FIGURE 4. The Detailed Stages of the Rendering Pipeline
The CPU Subsystem (Host)
At the top of the graphics pipeline is the main real-time application running on the host. If the host is the limiting stage of the pipeline, the rest of the graphics pipeline will be idle.
The graphics pipeline might really be software running on the host CPU. In which case, the most time consuming operation is likely to be the processing of the millions of pixels that must be rendered. For the rest of this discussion, we assume that there is some dedicated graphics hardware for the graphics subsystem.
FIGURE 5. Host-Graphics Organizations
The application may itself be multiprocessed and running on one or more CPUs. The host and the graphics pipeline may be tightly connected, sharing a high speed system bus, and possibly even access to host memory. Such buses currently run at several hundred MBytes/sec, up to 1.2GBytes/sec. However, in many high-end visual simulation systems, the host is actually a remote computer that drives the graphics subsystem over a network (SCRAMnet, 100 Mbits/sec, or even ethernet at 10Mbits/sec)
FIGURE 6. Application Traversal Process Pipeline
Possibilities for the application processes are discussed further in Section 6. This section will be focussing on the drawing traversal stage of the application.
Some graphics architectures impose special requirements on the drawing traversal task, such as requiring that the geometry be presented in sorted order from front to back, or requiring that data be presented in large, specially formatted chunks as display lists.
There are three main types of database drawing traversal:
FIGURE 7. Architecture with Shared Database
(5000 tris) * (3 vertices/tri * (8 floats/vertex) * (4bytes/float)) = 480KBytes --> 28.8 MBytes/sec for a 60fps. update rate.for just the raw geometric data. The size of geometric data can be reduced through the use of primitives that share vertices, such as triangle strips, or through the use of high-level primitives, such as surfaces, that are expanded in the graphics pipeline (this is discussed further in Section 7). In addition to geometric data, there may also be image data, such as texture maps. It is unlikely that the data for even a single frame will fit a CPU cache so it is important to know the rates that this data can be pulled out of main memory. It is also desirable to not have the CPU be tied up transferring this data, but to have some mechanism whereby the graphics subsystem can pull data directly out of main memory, thereby freeing up the CPU to do other computation. For highly interactive and dynamic applications, it is important to have good performance on transfers of small amounts of data to the graphics subsystems since many small objects may be changing on a per-frame basis.

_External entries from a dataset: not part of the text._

(* For every $n\in\mathbb{N}$ and every $l\in\{0,1,\dots,8\}$ there is an outerplanar graph $G$ with $|V(G)|>n$, $|V_1(G)|=l$ and $\rho_G^4=3-\sigma_G^4$ that has no equitable $4$-coloring.
   Context: For a graph $G$, $V_1(G)$ is the set of vertices of degree $1$, and for $A\subseteq V(G)$, $\|G[A]\|$ is the number of edges of $G[A]$. Define $\rho_G^4(A)=4\|G[A]\|-5|A|+2|A\cap V_1(G)|$, $\rho_G^4=\max_{A\subseteq V(G)}\rho_G^4(A)$ (including $A=\emptyset$), and $\sigma_G^4=|V_1(G)|\bmod 2$. An equitable $4$-coloring is a proper vertex coloring with $4$ colors in which the sizes of any two color classes differ by at most $1$. *)

theory Defs
  imports "HOL-Analysis.Analysis"
begin

definition simple_graph :: "'a set \<Rightarrow> 'a set set \<Rightarrow> bool" where
  "simple_graph V E \<longleftrightarrow> finite V \<and>
     (\<forall>e\<in>E. \<exists>u v. u \<in> V \<and> v \<in> V \<and> u \<noteq> v \<and> e = {u, v})"

definition degree :: "'a set set \<Rightarrow> 'a \<Rightarrow> nat" where
  "degree E v = card {e\<in>E. v \<in> e}"

definition V1 :: "'a set \<Rightarrow> 'a set set \<Rightarrow> 'a set" where
  "V1 V E = {v\<in>V. degree E v = 1}"

definition induced_edges :: "'a set set \<Rightarrow> 'a set \<Rightarrow> nat" where
  "induced_edges E A = card {e\<in>E. e \<subseteq> A}"

definition rho4_set :: "'a set \<Rightarrow> 'a set set \<Rightarrow> 'a set \<Rightarrow> int" where
  "rho4_set V E A = 4 * int (induced_edges E A) - 5 * int (card A) + 2 * int (card (A \<inter> V1 V E))"

definition rho4 :: "'a set \<Rightarrow> 'a set set \<Rightarrow> int" where
  "rho4 V E = Max (rho4_set V E ` Pow V)"

definition sigma4 :: "'a set \<Rightarrow> 'a set set \<Rightarrow> int" where
  "sigma4 V E = int (card (V1 V E) mod 2)"

definition equitable_4_coloring :: "'a set \<Rightarrow> 'a set set \<Rightarrow> ('a \<Rightarrow> nat) \<Rightarrow> bool" where
  "equitable_4_coloring V E f \<longleftrightarrow>
     (\<forall>v\<in>V. f v < 4) \<and>
     (\<forall>u v. {u, v} \<in> E \<longrightarrow> f u \<noteq> f v) \<and>
     (\<forall>i<4. \<forall>j<4. card {v\<in>V. f v = i} \<le> card {v\<in>V. f v = j} + 1)"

FIGURE 8. Architecture with Retained Data
The use of retained databases can enable additional processing of the total database by the graphics subsystem. For example, partitioning the database may be done order to implement sophisticated optimization and rendering techniques. One common example is the separation of static from moving objects for the implementation of algorithms requiring sorting. The cost may be additional loss of power and control over the database due to limitations on database construction, such as the number of moving objects allowed in a frame.
The Geometry Subsystem
The second two stages of the rendering pipeline, Figure 3, are commonly called The Geometry Subsystem and The Raster Subsystem, respectively. The geometry subsystem operates on the geometric primitives (surfaces, polygons, lines, points). The actual operations are usually per-vertex operations. The basic set of operations and estimated computational complexity includes [Foley90]: modeling transformation of the vertices and normals from eye-space to world space, per-vertex lighting calculations, viewing projection, clipping, and mapping to screen coordinates. Of these, the lighting calculations are the most costly. A minimal lighting model typically includes emissive, ambient diffuse, and specular illumination for infinite lights and viewer. The basic equation that must be evaluated for each color component (R, G, and B) is [OpenGL93]:
RGBspecular_light*RGBspecular_mat*(half_angle . normal)^shininessMuch of this computation must be re-computed for additional lights. Distance attenuation, local viewing models and local lights add significant computation.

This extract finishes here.